Duke of Marlborough (pronounced ) is a title in the Peerage of England. It was created by Queen Anne in 1702 for John Churchill, 1st Earl of Marlborough (1650–1722), the noted military leader. In historical texts, unqualified use of the title typically refers to the 1st Duke. The name of the dukedom refers to Marlborough in Wiltshire.

The earldom of Marlborough was held by the family of Ley from its creation 1626 until its extinction with the death of the 4th earl in 1679. The title was recreated 10 years later for John Churchill (in 1689).

History of the dukedom
Churchill had been made Lord Churchill of Eyemouth (1682) in the Peerage of Scotland, and Baron Churchill of Sandridge (1685) and Earl of Marlborough (1689) in the Peerage of England. Shortly after her accession to the throne in 1702, Queen Anne made Churchill the first Duke of Marlborough and granted him the subsidiary title Marquess of Blandford.

In 1678, Churchill married Sarah Jennings (1660–1744), a courtier and influential favourite of the queen. They had seven children, of whom four daughters married into some of the most important families in Great Britain; one daughter and one son died in infancy. He was pre-deceased by his son, John Churchill, Marquess of Blandford, in 1703; so, to prevent the extinction of the titles, a special Act of Parliament was passed. When the 1st Duke of Marlborough died in 1722 his title as Lord Churchill of Eyemouth in the Peerage of Scotland became extinct and the Marlborough titles passed, according to the Act, to his eldest daughter Henrietta (1681–1733), the 2nd Duchess of Marlborough. She was married to the 2nd Earl of Godolphin and had a son who predeceased her.

When Henrietta died in 1733, the Marlborough titles passed to her nephew Charles Spencer (1706–1758), the third son of her late sister Anne (1683–1716), who had married the 3rd Earl of Sunderland in 1699. After his older brother's death in 1729, Charles Spencer had already inherited the Spencer family estates and the titles of Earl of Sunderland (1643) and Baron Spencer of Wormleighton (1603), all in the Peerage of England. Upon his maternal aunt Henrietta's death in 1733, Charles Spencer succeeded to the Marlborough family estates and titles and became the 3rd Duke. When he died in 1758, his titles passed to his eldest son George (1739–1817), who was succeeded by his eldest son George, the 5th Duke (1766–1840). In 1815, Francis Spencer (the younger son of the 4th Duke) was created Baron Churchill in the Peerage of the United Kingdom. In 1902, his grandson, the 3rd Baron Churchill, was created Viscount Churchill.

In 1817, the 5th Duke obtained permission to assume and bear the surname of Churchill in addition to his surname of Spencer, to perpetuate the name of his illustrious great-great-grandfather.
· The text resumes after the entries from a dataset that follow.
lemma chromatic_number_induced_le:
  assumes "V' \<subseteq> V" "inj_on g V'"
  shows "chromatic_number (g ` V') (image_edges g V' E) \<le> card {B \<in> P. B \<inter> V' \<noteq> {}}"
proof -
  let ?Q = "{B \<in> P. B \<inter> V' \<noteq> {}}"
  have "finite ?Q" using finite_P by simp
  then obtain idx where idx: "bij_betw idx ?Q {0..<card ?Q}" using ex_bij_betw_finite_nat by blast
  have part_of_Q: "part_of v \<in> ?Q" if "v \<in> V'" for v using that assms(1) part_of[of v] by blast
  show ?thesis
  proof (rule chromatic_number_image_edges_le[OF assms(2)])
    show "(idx \<circ> part_of) ` V' \<subseteq> {..<card ?Q}" using idx part_of_Q unfolding bij_betw_def by auto
    show "(idx \<circ> part_of) u \<noteq> (idx \<circ> part_of) v" if "u \<in> V'" "v \<in> V'" "E u v" for u v
    proof -
      have "part_of u \<noteq> part_of v" using that(3) edge_iff by blast
      moreover have "inj_on idx ?Q" using idx by (rule bij_betw_imp_inj_on)
      ultimately show ?thesis using inj_onD part_of_Q[OF that(1)] part_of_Q[OF that(2)] by fastforce
    qed
  qed
qed
lemma scalar_matrix_mult_eq_zero:
  fixes deg :: "nat \<Rightarrow> nat \<Rightarrow> ('v \<Rightarrow>\<^sub>0 nat)" and lam :: "nat \<Rightarrow> nat \<Rightarrow> nat \<Rightarrow> 'k::field"
  assumes k: "k < beta n" and j: "j < beta (Suc (Suc n))"
    and compat_k: "\<And>l. l < beta (Suc n) \<Longrightarrow> lam (Suc n) k l \<noteq> 0 \<Longrightarrow> exp_le (deg n k) (deg (Suc n) l)"
    and compat_j: "\<And>l. l < beta (Suc n) \<Longrightarrow> lam (Suc (Suc n)) l j \<noteq> 0 \<Longrightarrow>
                        exp_le (deg (Suc n) l) (deg (Suc (Suc n)) j)"
    and comp_zero: "\<And>u. u \<in> free_mod beta (Suc (Suc n)) \<Longrightarrow>
        res_diff beta deg lam (Suc n) (res_diff beta deg lam (Suc (Suc n)) u) = (\<lambda>_. 0 :: ('v, 'k) mpoly)"
  shows "(\<Sum>l<beta (Suc n). lam (Suc n) k l * lam (Suc (Suc n)) l j) = 0"
proof -
  define e :: "nat \<Rightarrow> ('v, 'k) mpoly" where "e = (\<lambda>t. if t = j then 1 else 0)"
  define D where "D = deg (Suc (Suc n)) j - deg n k"
  have "e \<in> free_mod beta (Suc (Suc n))" using j unfolding e_def free_mod_def by auto
  then have "0 = res_diff beta deg lam (Suc n) (res_diff beta deg lam (Suc (Suc n)) e) k"
    using comp_zero by metis
  also have "\<dots> = (\<Sum>l<beta (Suc n). mon (lam (Suc n) k l) (deg (Suc n) l - deg n k)
                    * mon (lam (Suc (Suc n)) l j) (deg (Suc (Suc n)) j - deg (Suc n) l))"
    using k j unfolding e_def by (simp add: res_diff_unit_vector) (simp add: res_diff_def)
  also have "\<dots> = (\<Sum>l<beta (Suc n). mon (lam (Suc n) k l * lam (Suc (Suc n)) l j) D)"
  proof (rule sum.cong [OF refl])
    fix l assume "l \<in> {..<beta (Suc n)}"
    then show "mon (lam (Suc n) k l) (deg (Suc n) l - deg n k)
             * mon (lam (Suc (Suc n)) l j) (deg (Suc (Suc n)) j - deg (Suc n) l)
             = mon (lam (Suc n) k l * lam (Suc (Suc n)) l j) D"
      using compat_k compat_j by (cases "lam (Suc n) k l = 0 \<or> lam (Suc (Suc n)) l j = 0")
        (auto simp: mon_mult D_def exp_le_diff_add)
  qed
  also have "\<dots> = mon (\<Sum>l<beta (Suc n). lam (Suc n) k l * lam (Suc (Suc n)) l j) D"
    by (rule sum_mon)
  finally show ?thesis by (simp add: mon_eq_zero_iff)
qed

lemma Lstar_is_ideal:
  assumes "\<And>j. j < beta 1 \<Longrightarrow> is_ideal (L j)"
  shows "j < beta i \<Longrightarrow> is_ideal (Lstar beta lam L i j)"
proof (induction i arbitrary: j)
  case 0
  then show ?case by (simp add: is_ideal_def)
next
  case (Suc i)
  then show ?case
    using assms by (cases i) (auto intro!: is_ideal_Inter)
qed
At the same time he received Royal Licence to quarter the coat of arms of Churchill with his paternal arms of Spencer. The modern Dukes thus originally bore the surname "Spencer": the double-barrelled surname of "Spencer-Churchill" as used since 1817 remains in the family, although many members have preferred to style themselves simply as "Churchill".

The 7th Duke was the paternal grandfather of the British Prime Minister Sir Winston Churchill, born at Blenheim Palace on 30 November 1874.

The 11th Duke, John Spencer-Churchill died in 2014, having assumed the title in 1972. The 12th and present Duke is Charles James Spencer-Churchill.

Family seat

The family seat is Blenheim Palace in Woodstock, Oxfordshire.

After his leadership in the victory against the French in the Battle of Blenheim on 13 August 1704, the 1st Duke was honoured by Queen Anne granting him the royal manor of Woodstock, and building him a house at her expense to be called Blenheim. Construction started in 1705 and the house was completed in 1722, the year of the 1st Duke's death. Blenheim Palace has since remained in the Churchill and Spencer-Churchill family.

With the exception of the 10th Duke and his first wife, the Dukes and Duchesses of Marlborough are buried in Blenheim Palace's chapel. Most other members of the Spencer-Churchill family are interred in St. Martin's parish churchyard at Bladon, a short distance from the palace.

Succession to the title
The dukedom can theoretically pass through a female line. However, unlike the remainder to heirs general found in most other peerages that allow male-preference primogeniture, the grant does not allow for abeyance and follows a more restrictive Semi-Salic formula designed to keep succession wherever possible in the male line. The succession is as follows:

Succession to the title under the first and second contingencies has lapsed; holders of the title from the 3rd Duke trace their status from the third contingency.

It is now very unlikely that the dukedom will be passed to a woman or through a woman, since all the male-line descendants of the 1st Duke's second daughter Anne Spencer, Countess of Sunderland—including the lines of the Viscounts Churchill and Barons Churchill of Wychwood and of the Earl Spencer and of the entire Spencer-Churchill and Spencer family—would have to become extinct.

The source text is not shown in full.